The summer doldrums in New York have drawn to a merciful close, and so we begin again. The first stirrings of significant musical activity emanate, as usual, from the New York City Opera, which prides itself on playing David to the Goliath of the Met, still dormant next door. After some throat-clearing involving preview performances of La bohème and Don Giovanni, the company formally opened its season on Tuesday with the local premiere of Margaret Garner. Serious business.

Here at last was the much-ballyhooed, super-ambitious psycho-sociopolitical opus that fuses a crafty score by Richard Danielpour with a doggedly profound text by Toni Morrison, revered recipient of both Pulitzer and Nobel prizes. Opera-goers – possibly a distinct breed from opera-lovers – had already celebrated this stagy union in Detroit, Cincinnati, Philadelphia and Charlotte. The Lincoln Center version boasted a totally new production, a mostly new cast and a slight reduction in sprawl. A still greater reduction might be a good idea.

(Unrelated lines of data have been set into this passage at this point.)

(* Let $\beta\in(0,\infty)$ and, for each $N\ge1$, let $K=K_N$ be a positive integer with $K_N/N\to\beta$. Let $\boldsymbol{S}\in\mathbb{R}^{N\times K}$ be a random time-hopping matrix with $N_{\mathsf s}=1$: its columns are independent, $\boldsymbol{s}_k=\epsilon_k\boldsymbol{e}_{\pi_k}$ with $\pi_k$ uniform on $\{1,\dots,N\}$ and $\epsilon_k$ uniform on $\{-1,+1\}$, all independent. Let $\lambda_1,\dots,\lambda_N$ be the eigenvalues of $\boldsymbol{S}\boldsymbol{S}^{\mathsf T}$ and let $F_N(x):=\frac1N\sum_{n=1}^N \mathbb{1}\{\lambda_n\le x\}$ be its empirical spectral distribution. Then for every $x\in\mathbb{R}$, as $N\to\infty$, \[ F_N(x)\ \xrightarrow{p}\ F(x):=\sum_{k\ge0}\frac{\beta^k e^{-\beta}}{k!}\,\mathbb{1}\{k\le x\}, \] i.e. the empirical spectral distribution converges in probability to the distribution function of a Poisson law with mean $\beta$.
   Context: $\boldsymbol{e}_i$ denotes the $i$th standard basis vector of $\mathbb{R}^N$; $\xrightarrow{p}$ denotes convergence in probability. *)

theory Defs
  imports "HOL-Probability.Probability" "Jordan_Normal_Form.Char_Poly"
begin

text \<open>Sample space for the time-hopping matrix with N rows, K columns, N_s = 1:
  an outcome assigns to each column k < K a pair (pi_k, eps_k) with pi_k uniform on the
  row indices {0..<N} (0-based) and eps_k uniform on {-1,+1}; all independent.\<close>
definition th_law :: "nat \<Rightarrow> nat \<Rightarrow> (nat \<Rightarrow> nat \<times> real) pmf" where
  "th_law N K = Pi_pmf {..<K} (0, 1) (\<lambda>k. pmf_of_set ({0..<N} \<times> {-1, 1}))"

definition th_matrix :: "nat \<Rightarrow> nat \<Rightarrow> (nat \<Rightarrow> nat \<times> real) \<Rightarrow> real mat" where
  "th_matrix N K \<omega> = mat N K (\<lambda>(i, k). if fst (\<omega> k) = i then snd (\<omega> k) else 0)"

definition esd :: "nat \<Rightarrow> real mat \<Rightarrow> real \<Rightarrow> real" where
  "esd N A x = (\<Sum>t\<in>{t. poly (char_poly A) t = 0 \<and> t \<le> x}.
                   real (order t (char_poly A))) / real N"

The plot is based, very loosely, on the plight of a historic slave in the Old South, a valiant woman confronting vital conflicts regarding ownership of body vs soul. Sounds familiar? The tragedy is bleak, bleak, bleak, and the characters are, alas, stereotypical. The protagonist suggests goodness personified. Her nemesis could be a stalk-in for
Simon Legree.

Morrison writes dauntlessly lofty poetry for the downtrodden, embellishing their audible thoughts with complex, florid images. With the English text projected above the false proscenium, one can read the pretty lines that are obscured by inapt word-setting or reduced to amplified mush in the acoustically challenged auditorium. The libretto rambles fussily, onward and sideways, with endless exposition that delays the drama at best, deadens it at worst. The plot touches neatly on rape, torture, lynching, infanticide and martyrdom. Unfortunately, neither Morrison nor Danielpour seems to know how best to define the climaxes, or how to sustain tension between them.

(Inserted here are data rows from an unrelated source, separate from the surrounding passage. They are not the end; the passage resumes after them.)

lemma monomial_eq_if_lookup_eq_on_vars:
  assumes "Poly_Mapping.keys m1 \<subseteq> {..<l}" and "Poly_Mapping.keys m2 \<subseteq> {..<l}"
    and "\<forall>i<l. Poly_Mapping.lookup m1 i = Poly_Mapping.lookup m2 i"
  shows "m1 = m2"
proof (rule poly_mapping_eqI)
  fix i
  show "Poly_Mapping.lookup m1 i = Poly_Mapping.lookup m2 i"
  proof (cases "i < l")
    case True
    with assms(3) show ?thesis by simp
  next
    case False
    then have "i \<notin> Poly_Mapping.keys m1" "i \<notin> Poly_Mapping.keys m2"
      using assms(1,2) by auto
    then show ?thesis by (simp add: in_keys_iff)
  qed
qed

lemma mon_eval_in_vars:
  assumes "Poly_Mapping.keys m \<subseteq> {..<l}"
  shows "mon_eval m x = (\<Prod>i<l. x i ^ Poly_Mapping.lookup m i)"
  unfolding mon_eval_def using assms
  by (intro prod.mono_neutral_left) (auto simp: in_keys_iff)

lemma mon_eval_ray_limit:
  assumes "mdeg m \<le> D"
  shows "(\<lambda>t::nat. mon_eval m (\<lambda>i. real (t * a i + c i)) / real t ^ D) \<longlonglongrightarrow>
           (if mdeg m = D then mon_eval m (\<lambda>i. real (a i)) else 0)"
proof -
  define f where "f t = (\<Prod>i\<in>Poly_Mapping.keys m.
      (real (a i) + real (c i) * (1 / real t)) ^ Poly_Mapping.lookup m i) * (1 / real t) ^ (D - mdeg m)"
    for t :: nat
  have f_eq: "mon_eval m (\<lambda>i. real (t * a i + c i)) / real t ^ D = f t" if "t > 0" for t :: nat
  proof -
    have "real (t * a i + c i) = real t * (real (a i) + real (c i) * (1 / real t))" for i
      using \<open>t > 0\<close> by (simp add: field_simps)
    then have "mon_eval m (\<lambda>i. real (t * a i + c i)) = real t ^ mdeg m *
        (\<Prod>i\<in>Poly_Mapping.keys m. (real (a i) + real (c i) * (1 / real t)) ^ Poly_Mapping.lookup m i)"
      by (simp add: mon_eval_def mdeg_def power_mult_distrib prod.distrib power_sum)
    moreover have "real t ^ D = real t ^ mdeg m * real t ^ (D - mdeg m)"
      using assms by (simp flip: power_add)
    ultimately show ?thesis
      using \<open>t > 0\<close> by (simp add: f_def power_one_over)
  qed
  have "f \<longlonglongrightarrow> (\<Prod>i\<in>Poly_Mapping.keys m.
      (real (a i) + real (c i) * 0) ^ Poly_Mapping.lookup m i) * 0 ^ (D - mdeg m)"
    unfolding f_def by (intro tendsto_intros lim_inverse_n')
  then have "f \<longlonglongrightarrow> (if mdeg m = D then mon_eval m (\<lambda>i. real (a i)) else 0)"
    using assms by (cases "mdeg m = D") (simp_all add: mon_eval_def power_0_left)
  then show ?thesis
    by (rule Lim_transform_eventually) (use f_eq in \<open>auto simp: eventually_sequentially intro!: exI[of _ 1]\<close>)
qed

definition hom_eval :: "nat \<Rightarrow> rpoly \<Rightarrow> (nat \<Rightarrow> nat) \<Rightarrow> real" where
  "hom_eval D p a = (\<Sum>m\<in>{m\<in>Poly_Mapping.keys p. mdeg m = D}.
      Poly_Mapping.lookup p m * mon_eval m (\<lambda>i. real (a i)))"

lemma hom_eval_superset:
  assumes "finite K" and "Poly_Mapping.keys p \<subseteq> K"
  shows "hom_eval D p a = (\<Sum>m\<in>{m\<in>K. mdeg m = D}. Poly_Mapping.lookup p m * mon_eval m (\<lambda>i. real (a i)))"
  unfolding hom_eval_def using assms
  by (intro sum.mono_neutral_left) (auto simp: in_keys_iff)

The busy music evolves in gently eclectic patterns. This may be yet another modern opera for people who hate modern opera. The set pieces – arias, ensembles, orchestral interludes, choruses – invite instant applause whenever a cadence looms. The wary listener can find comfort of sorts in jazzy syncopations, primitive rituals and snatches of contrapuntal frivolity, even in passages that suggest cinematic doodling. One can recognise traces of Porgy and Bess here, odes to Bernstein bravado there, sparse Americana in the manner of Copland and Barber almost everywhere. The level of assimilation is imposing. The level of invention is not.

The City Opera performance may be better than the material. George Manahan does his considerable best to sustain vitality in the pit. Tazewell Thompson stages the proceedings with keen attention to expressive focus, deftly mixing realism with stylisation. Donald Eastman’s unit set honours simple abstraction, moodily reinforced by Robert Wierzel’s lighting scheme and Merrily Murray-Walsh’s period costumes.

Tracie Luck brings restrained pathos and a sweet, wide-ranging mezzo-soprano to the plaints of Margaret Garner (a grateful role previously entrusted to Denyce Graves). Gregg Baker exudes macho strength as her desperate husband. Lisa Daltirus tugs heartstrings effectively as his mother (a role originally intended for Jessye Norman). Timothy Mix musters evil conviction in the baritonal platitudes of the slave-owner. Although Maureen McKay sounds a bit shrill in the pert flights of his well-meaning daughter, she sustains essential sympathy. The choruses, both black and white, sing as if lives were at stake.

The road to bad opera is paved with good intentions.